Dataset entries -
········

lemma seq_word_grs_fixpoint:
  assumes "nat \<bar>i\<bar> + n \<le> k"
  shows "seq_word grs_fixpoint i n = take n (drop (nat (i + 4 ^ k)) (BA_block k))"
proof -
  have k: "\<bar>i\<bar> + int n < 4 ^ k"
    using assms less_four_power[of k] by linarith
  have "grs_fixpoint (i + int t) = BA_block k ! (nat (i + 4 ^ k) + t)" if "t < n" for t
  proof -
    have "nat (i + int t + 4 ^ k) = nat (i + 4 ^ k) + t"
      using k by arith
    then show ?thesis
      using that assms by (subst grs_fixpoint_eq_nth[of _ k]) auto
  qed
  moreover have "nat (i + 4 ^ k) + n \<le> length (BA_block k)"
  proof -
    have "(4::int) ^ k = int (4 ^ k)"
      by simp
    then show ?thesis
      using k unfolding length_BA_block by arith
  qed
  ultimately show ?thesis
    by (intro nth_equalityI) (auto simp: seq_word_def)
qed

lemma grs_fixpoint_in_GRS_Xi: "grs_fixpoint \<in> GRS_Xi"
  unfolding GRS_Xi_eq
  by (auto simp: seq_word_grs_fixpoint[OF order_refl] intro: legal_sublist[OF legal_BA_block]
      sublist_order.order.trans[OF sublist_take sublist_drop])

section \<open>Cylinders and subshifts defined by a language\<close>

definition cyl :: "int \<Rightarrow> nat \<Rightarrow> 'a list \<Rightarrow> (int \<Rightarrow> 'a) set" where
  "cyl i n w = {\<xi>. seq_word \<xi> i n = w}"

lemma seq_word_eq_iff:
  "seq_word \<zeta> i n = seq_word \<xi> i n \<longleftrightarrow> (\<forall>t<n. \<zeta> (i + int t) = \<xi> (i + int t))"
  by (simp add: seq_word_def map_eq_conv Ball_def)

lemma openin_cyl: "openin (product_topology (\<lambda>_. discrete_topology UNIV) UNIV) (cyl i n w)"
  unfolding openin_product_topology_alt
proof
  fix \<xi> assume \<xi>: "\<xi> \<in> cyl i n w"
  define U where "U j = (if j \<in> {i..<i + int n} then {\<xi> j} else UNIV)" for j
  have "finite {j. U j \<noteq> UNIV}"
    by (rule finite_subset[of _ "{i..<i + int n}"]) (auto simp: U_def)
  moreover have "\<xi> \<in> Pi\<^sub>E UNIV U"
    by (simp add: PiE_UNIV_domain U_def)
  moreover have "Pi\<^sub>E UNIV U \<subseteq> cyl i n w"
  proof
    fix \<zeta> assume "\<zeta> \<in> Pi\<^sub>E UNIV U"
    then have "\<forall>t<n. \<zeta> (i + int t) = \<xi> (i + int t)"
      by (auto simp: PiE_UNIV_domain U_def Pi_iff split: if_splits)
    then show "\<zeta> \<in> cyl i n w"
      using \<xi> seq_word_eq_iff[of \<zeta> i n \<xi>] by (simp add: cyl_def)
  qed
  ultimately show "\<exists>U. finite {j \<in> UNIV. U j \<noteq> topspace (discrete_topology UNIV)} \<and>
      (\<forall>j\<in>UNIV. openin (discrete_topology UNIV) (U j)) \<and> \<xi> \<in> Pi\<^sub>E UNIV U \<and> Pi\<^sub>E UNIV U \<subseteq> cyl i n w"
    by auto
qed

lemma openin_imp_cyl_subset:
  assumes "openin (product_topology (\<lambda>_. discrete_topology UNIV) UNIV) U" "\<xi> \<in> U"
  shows "\<exists>i n. cyl i n (seq_word \<xi> i n) \<subseteq> U"
proof -
  obtain V where V: "finite {j. V j \<noteq> UNIV}" "\<xi> \<in> Pi\<^sub>E UNIV V" "Pi\<^sub>E UNIV V \<subseteq> U"
    using assms unfolding openin_product_topology_alt by auto
  define N where "N = Max (insert 0 (abs ` {j. V j \<noteq> UNIV}))"
  have N: "\<bar>j\<bar> \<le> N" if "V j \<noteq> UNIV" for j
    unfolding N_def using V(1) that by (intro Max_ge) auto
  have "cyl (- N) (nat (2 * N + 1)) (seq_word \<xi> (- N) (nat (2 * N + 1))) \<subseteq> Pi\<^sub>E UNIV V"
  proof
    fix \<zeta> assume "\<zeta> \<in> cyl (- N) (nat (2 * N + 1)) (seq_word \<xi> (- N) (nat (2 * N + 1)))"
    then have agree: "\<forall>t<nat (2 * N + 1). \<zeta> (- N + int t) = \<xi> (- N + int t)"
      unfolding cyl_def seq_word_eq_iff by simp
    have eq: "\<zeta> j = \<xi> j" if "\<bar>j\<bar> \<le> N" for j
    proof -
      have "nat (j + N) < nat (2 * N + 1)" "- N + int (nat (j + N)) = j"
        using that by auto
      then show ?thesis
        using agree by metis
    qed
    show "\<zeta> \<in> Pi\<^sub>E UNIV V"
      using V(2) N eq by (fastforce simp: PiE_UNIV_domain)
  qed
  then show ?thesis
    using V(3) by blast
qed

lemma closedin_window_language:
  "closedin (product_topology (\<lambda>_. discrete_topology UNIV) UNIV) {\<xi>. \<forall>i n. P (seq_word \<xi> i n)}"
proof -
  have "UNIV - {\<xi>. \<forall>i n. P (seq_word \<xi> i n)} = \<Union>{cyl i n w | i n w. \<not> P w}"
    by (auto simp: cyl_def)
  then show ?thesis
    unfolding closedin_def using openin_cyl by (auto intro!: openin_Union)
qed

lemma seq_word_shiftT: "seq_word (shiftT \<xi>) i n = seq_word \<xi> (i - 1) n"
  by (simp add: seq_word_def shiftT_def algebra_simps)

lemma shiftT_image_window_language:
  "shiftT ` {\<xi>. \<forall>i n. P (seq_word \<xi> i n)} = {\<xi>. \<forall>i n. P (seq_word \<xi> i n)}"
proof (intro equalityI subsetI)
  fix \<xi> assume \<xi>: "\<xi> \<in> {\<xi>. \<forall>i n. P (seq_word \<xi> i n)}"
  have "\<xi> = shiftT (\<lambda>j. \<xi> (j + 1))"
    by (rule ext) (simp add: shiftT_def)
  moreover have "seq_word (\<lambda>j. \<xi> (j + 1)) i n = seq_word \<xi> (i + 1) n" for i n
    by (simp add: seq_word_def algebra_simps)
  then have "(\<lambda>j. \<xi> (j + 1)) \<in> {\<xi>. \<forall>i n. P (seq_word \<xi> i n)}"
    using \<xi> by simp
  ultimately show "\<xi> \<in> shiftT ` {\<xi>. \<forall>i n. P (seq_word \<xi> i n)}"
    by (rule image_eqI)
qed (auto simp: seq_word_shiftT)

lemma window_language_in_subshifts:
  "{\<xi>. \<forall>i n. P (seq_word \<xi> i n)} \<noteq> {} \<Longrightarrow> {\<xi>. \<forall>i n. P (seq_word \<xi> i n)} \<in> subshifts"
  unfolding subshifts_def prodtop_def
  using closedin_window_language shiftT_image_window_language by blast

lemma seq_word_shift_pow: "seq_word (shift_pow m \<eta>) i n = seq_word \<eta> (i - m) n"
  by (simp add: seq_word_def shift_pow_def algebra_simps)

lemma seq_word_Orb: "\<zeta> \<in> Orb \<eta> \<Longrightarrow> \<exists>i'. seq_word \<zeta> i n = seq_word \<eta> i' n"
  unfolding Orb_def using seq_word_shift_pow by blast

lemma periodic_seq_per_seq: "u \<noteq> [] \<Longrightarrow> periodic_seq (per_seq u)"
  unfolding periodic_seq_def per_seq_def by (intro exI[of _ "int (length u)"]) simp

lemma finite_Orb_per_seq:
  assumes "u \<noteq> []"
  shows "finite (Orb (per_seq u))"
proof -
  have "Orb (per_seq u) \<subseteq> (\<lambda>n. shift_pow n (per_seq u)) ` {0..<int (length u)}"
  proof
    fix \<zeta> assume "\<zeta> \<in> Orb (per_seq u)"
    then obtain n where n: "\<zeta> = shift_pow n (per_seq u)"
      unfolding Orb_def by blast
    have "shift_pow n (per_seq u) = shift_pow (n mod int (length u)) (per_seq u)"
      unfolding shift_pow_def per_seq_def by (simp add: mod_diff_right_eq)
    moreover have "n mod int (length u) \<in> {0..<int (length u)}"
      using assms by simp
    ultimately show "\<zeta> \<in> (\<lambda>n. shift_pow n (per_seq u)) ` {0..<int (length u)}"
      using n by blast
  qed
  then show ?thesis
    using finite_subset by blast
qed

lemma Orb_per_seq_in_subshifts:
  assumes "u \<noteq> []"
  shows "Orb (per_seq u) \<in> subshifts"
proof -
  have "t1_space prodtop"
    unfolding prodtop_def t1_space_product_topology by (simp add: Hausdorff_imp_t1_space)
  then have "closedin prodtop (Orb (per_seq u))"
    using finite_Orb_per_seq[OF assms] by (simp add: prodtop_def t1_space_closedin_finite)
  moreover have "shiftT (shift_pow n \<eta>) = shift_pow (n + 1) \<eta>" for n and \<eta> :: "int \<Rightarrow> letter"
    by (auto simp: shiftT_def shift_pow_def algebra_simps)
  then have "shiftT ` Orb (per_seq u) = Orb (per_seq u)"
    unfolding Orb_def by (auto simp: image_iff) (metis diff_add_cancel)
  ultimately show ?thesis
    unfolding subshifts_def Orb_def by auto
qed

section \<open>Convergence in the Vietoris topology\<close>

lemma limitin_topology_generated_by:
  assumes "l \<in> \<Union>\<S>" "\<And>V. V \<in> \<S> \<Longrightarrow> l \<in> V \<Longrightarrow> \<forall>\<^sub>F x in F. f x \<in> V"
  shows "limitin (topology_generated_by \<S>) f l F"
  unfolding limitin_def openin_topology_generated_by_iff
proof (intro conjI allI impI)
  show "l \<in> topspace (topology_generated_by \<S>)"
    using assms(1) by simp
  fix U assume "generate_topology_on \<S> U \<and> l \<in> U"
  then have "generate_topology_on \<S> U" "l \<in> U" by auto
  then show "\<forall>\<^sub>F x in F. f x \<in> U"
  proof (induct rule: generate_topology_on.induct)
    case (Int a b)
    then show ?case by (auto simp: eventually_conj_iff)
  next
    case (UN K)
    then obtain k where "k \<in> K" "l \<in> k" by blast
    with UN have "\<forall>\<^sub>F x in F. f x \<in> k" by blast
    then show ?case by (rule eventually_mono) (use \<open>k \<in> K\<close> in blast)
  qed (use assms(2) in auto)
qed

instance letter :: finite
proof
  have "(UNIV :: letter set) = {A, B, C, D}"
    using letter.exhaust by auto
  then show "finite (UNIV :: letter set)"
    by (metis finite.emptyI finite_insert)
qed

lemma compact_space_prodtop: "compact_space prodtop"
  unfolding prodtop_def compact_space_product_topology compact_space_discrete_topology by simp

lemma eventually_disjoint_closedin:
  assumes F: "closedin prodtop F" "F \<inter> {\<xi>. \<forall>i n. P (seq_word \<xi> i n)} = {}"
    and sound: "\<And>n. \<forall>\<^sub>F k in sequentially. \<forall>\<zeta>\<in>Y k. \<forall>i. P (seq_word \<zeta> i n)"
  shows "\<forall>\<^sub>F k in sequentially. Y k \<inter> F = {}"
proof -
  define \<C> where "\<C> = {cyl i n w | i n w. \<not> P w}"
  have "F \<subseteq> \<Union>\<C>"
    using F(2) unfolding \<C>_def cyl_def by blast
  moreover have "compactin prodtop F"
    using closedin_compact_space[OF compact_space_prodtop F(1)] .
  moreover have "\<forall>C\<in>\<C>. openin prodtop C"
    unfolding \<C>_def prodtop_def using openin_cyl by blast
  ultimately obtain \<F> where \<F>: "finite \<F>" "\<F> \<subseteq> \<C>" "F \<subseteq> \<Union>\<F>"
    unfolding compactin_def by meson
  have "\<forall>\<^sub>F k in sequentially. Y k \<inter> C = {}" if "C \<in> \<F>" for C
  proof -
    obtain i n w where C: "C = cyl i n w" "\<not> P w"
      using \<F>(2) \<open>C \<in> \<F>\<close> unfolding \<C>_def by blast
    show ?thesis
      using sound[of n] by (rule eventually_mono) (use C in \<open>auto simp: cyl_def\<close>)
  qed
  then have "\<forall>\<^sub>F k in sequentially. \<forall>C\<in>\<F>. Y k \<inter> C = {}"
    using \<F>(1) by (simp add: eventually_ball_finite)
  then show ?thesis
    by (rule eventually_mono) (use \<F>(3) in blast)
qed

········

Task description - For every line above with the word "topspace" in it, make a copy.

Answer section -
  ultimately show "\<exists>U. finite {j \<in> UNIV. U j \<noteq> topspace (discrete_topology UNIV)} \<and>
  show "l \<in> topspace (topology_generated_by \<S>)"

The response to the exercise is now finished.